26 August 2015 – Crude futures held in a narrow band on Wednesday not far off 6.5-year lows after China’s central bank moved to support the country’s stumbling economy, while concerns about a supply glut capped gains.
Asian stocks fell on Wednesday, and the US dollar has broadly lost steam as traders unwound massive carry trade bets in recent years based on higher yielding assets and instead flocked to safe-haven currencies such as the euro and yen.
Brent was trading down 3 cents at $43.18 a barrel early on Wednesday after it settled up 52 cents at $43.21 a barrel on Tuesday. US October crude was also down 6 cents at $39.25 a barrel, after ending $1.07 higher at $39.31 previously.
ANZ said China’s rate cuts had calmed commodity markets, but they remained cautious and gains would be limited.
“The displacement of high cost supply from the United States is taking much longer than expected, and it’s likely to keep the market substantially oversupplied in the short term,” it said.
Daniel Ang, an investment analyst at Phillip Futures, said China’s rate cut prevented oil prices from finding a new low. “However, with a new day, new challenges await. We would likely be seeing US crude inventories pushing prices down today due to slowing refinery activities.”

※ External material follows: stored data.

(* Let $d\ge3$ and consider the VRRW on $\mathcal G_d$. For $\varepsilon>0$ and $t\ge t_0$ let $$A_\varepsilon(t)=\Big\{\min_{i=1,\dots,d}\frac{Z(t,i)}{t}\ge\varepsilon\ \text{ and }\ \max_{i=1,\dots,d}\frac{\sum_{j=1}^{r_i}Z(t,\ell^i_j)}{t}\le t^{-\varepsilon}\Big\},\qquad C_\varepsilon=\Big\{\exists T:\ A_\varepsilon(t)\text{ occurs for all }t\ge T\Big\}.$$ Then $C_\varepsilon\subseteq\{\pi_\infty=\pi_{\mathsf{unif}}\}$ almost surely.
   Context: Let $d\ge 2$ and $r_1,\dots,r_d\ge 0$ be integers. The complete-like graph $\mathcal G_d$ has vertex set $V_d=\{1,\dots,d\}\cup\{\ell^i_r: 1\le i\le d,\ 1\le r\le r_i\}$. The vertices $1,\dots,d$ are called interior, and every pair of distinct interior vertices is joined by an edge; for each $i$, the vertices $\ell^i_1,\dots,\ell^i_{r_i}$ are the leaves attached to $i$, each joined by an edge to $i$ only; there are no other edges. Write $v\sim w$ if $v,w$ are joined by an edge. Vertex-reinforced random walk (VRRW) on $\mathcal G_d$: fix positive integers $z(0,v)$, $v\in V_d$, put $t_0=\sum_{v\in V_d}z(0,v)$, let $X(t_0)\in V_d$ be a given starting vertex, and for $t\ge t_0$ let $Z(t,v)=z(0,v)+\#\{s\in\{t_0+1,\dots,t\}: X(s)=v\}$ (so $\sum_v Z(t,v)=t$). Let $\mathcal F_t=\sigma(X(s),t_0\le s\le t)$. The transitions are $\mathbb P(X(t+1)=w\mid\mathcal F_t)=Z(t,w)/\sum_{y\sim X(t)}Z(t,y)$ for $w\sim X(t)$. Let $\pi(t)=(Z(t,v)/t)_{v\in V_d}\in\mathbb R^{|V_d|}$ be the empirical occupation measure, let $\pi_\infty=\lim_{t\to\infty}\pi(t)$ on the event that this limit exists and $\pi_\infty=0$ (zero vector) otherwise, and let $\pi_{\mathsf{unif}}\in\mathbb R^{|V_d|}$ be the vector with coordinate $1/d$ at each interior vertex and $0$ at each leaf. *)

theory Defs
  imports "HOL-Probability.Probability"
begin

text \<open>Vertices of the complete-like graph: Inl i is the interior vertex i (1 <= i <= d),
  Inr (i,k) is the leaf l^i_k (1 <= k <= r i).\<close>
type_synonym vtx = "nat + nat \<times> nat"

definition Vd :: "nat \<Rightarrow> (nat \<Rightarrow> nat) \<Rightarrow> vtx set" where
  "Vd d r = Inl ` {1..d} \<union> {Inr (i, k) | i k. i \<in> {1..d} \<and> k \<in> {1..r i}}"

definition adj :: "nat \<Rightarrow> (nat \<Rightarrow> nat) \<Rightarrow> vtx \<Rightarrow> vtx \<Rightarrow> bool" where
  "adj d r v w = (case (v, w) of
      (Inl i, Inl j) \<Rightarrow> i \<in> {1..d} \<and> j \<in> {1..d} \<and> i \<noteq> j
    | (Inl i, Inr (j, k)) \<Rightarrow> i = j \<and> i \<in> {1..d} \<and> k \<in> {1..r i}
    | (Inr (j, k), Inl i) \<Rightarrow> i = j \<and> i \<in> {1..d} \<and> k \<in> {1..r i}
    | _ \<Rightarrow> False)"

definition tzero :: "nat \<Rightarrow> (nat \<Rightarrow> nat) \<Rightarrow> (vtx \<Rightarrow> nat) \<Rightarrow> nat" where
  "tzero d r z0 = (\<Sum>v\<in>Vd d r. z0 v)"

text \<open>Z(t,v) along a path h (times t0+1..t counted)\<close>
definition Zp :: "nat \<Rightarrow> (nat \<Rightarrow> nat) \<Rightarrow> (vtx \<Rightarrow> nat) \<Rightarrow> (nat \<Rightarrow> vtx) \<Rightarrow> nat \<Rightarrow> vtx \<Rightarrow> nat" where
  "Zp d r z0 h t v = z0 v + card {s \<in> {tzero d r z0<..t}. h s = v}"

definition trans_prob :: "nat \<Rightarrow> (nat \<Rightarrow> nat) \<Rightarrow> (vtx \<Rightarrow> nat) \<Rightarrow> (nat \<Rightarrow> vtx) \<Rightarrow> nat \<Rightarrow> vtx \<Rightarrow> real" where
  "trans_prob d r z0 h t w =
     (if adj d r (h t) w
      then real (Zp d r z0 h t w) / (\<Sum>y\<in>{y \<in> Vd d r. adj d r (h t) y}. real (Zp d r z0 h t y))
      else 0)"

text \<open>X is a VRRW on G_d (in M) started at x0 at time t0: the conditional law of X(t+1)
  given the history F_t, expressed on the atoms of F_t (finitely many histories).\<close>
definition is_vrrw :: "'a measure \<Rightarrow> (nat \<Rightarrow> 'a \<Rightarrow> vtx) \<Rightarrow> nat \<Rightarrow> (nat \<Rightarrow> nat) \<Rightarrow> (vtx \<Rightarrow> nat) \<Rightarrow> vtx \<Rightarrow> bool" where
  "is_vrrw M X d r z0 x0 \<longleftrightarrow>
     prob_space M \<and>
     (\<forall>s. X s \<in> measurable M (count_space UNIV)) \<and>
     (AE \<omega> in M. X (tzero d r z0) \<omega> = x0) \<and>
     (\<forall>t \<ge> tzero d r z0. \<forall>h w.
        measure M {\<omega> \<in> space M. (\<forall>s\<in>{tzero d r z0..t}. X s \<omega> = h s) \<and> X (Suc t) \<omega> = w}
        = trans_prob d r z0 h t w * measure M {\<omega> \<in> space M. \<forall>s\<in>{tzero d r z0..t}. X s \<omega> = h s})"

US crude stocks fell by 7.3 million barrels last week to 449.3 million, compared with analysts’ expectations for a rise of 1 million barrels as refinery runs rose, data from the American Petroleum Institute showed on Tuesday. Energy Information Administration data is due on Wednesday.
“While the rate of global oil stock build is still set to decline, stocks will build for longer than initially anticipated,” BNP Paribas said late on Tuesday.
“As such, any price improvement will most likely take place from a lower starting point and the pace of any price improvement is likely to be slower than previously assumed.”
Macquarie noted a slowdown in auto sales which impact many commodities including oil in China and other emerging markets such as Russia, Indonesia, Brazil and Thailand.
“Industrial demand has struggled in many key emerging markets – this is perhaps best evidenced by auto sales, where the trend has continued to slide into mid-2015,” the bank said.
In China, car sales have fallen for four straight months, with the steepest month so far in July, at over 7%.
Iran will ramp up crude production and reclaim its lost share of exports shortly after international sanctions on the Opec member are lifted, Iran’s oil minister Bijan Zanganeh said on Tuesday, while Nigeria is also boosting exports.
With oil falling further, support is growing among non-Gulf members for action and even some Gulf officials are concerned about the latest drop in prices. Policymakers in top Opec producer Saudi Arabia have remained publicly silent.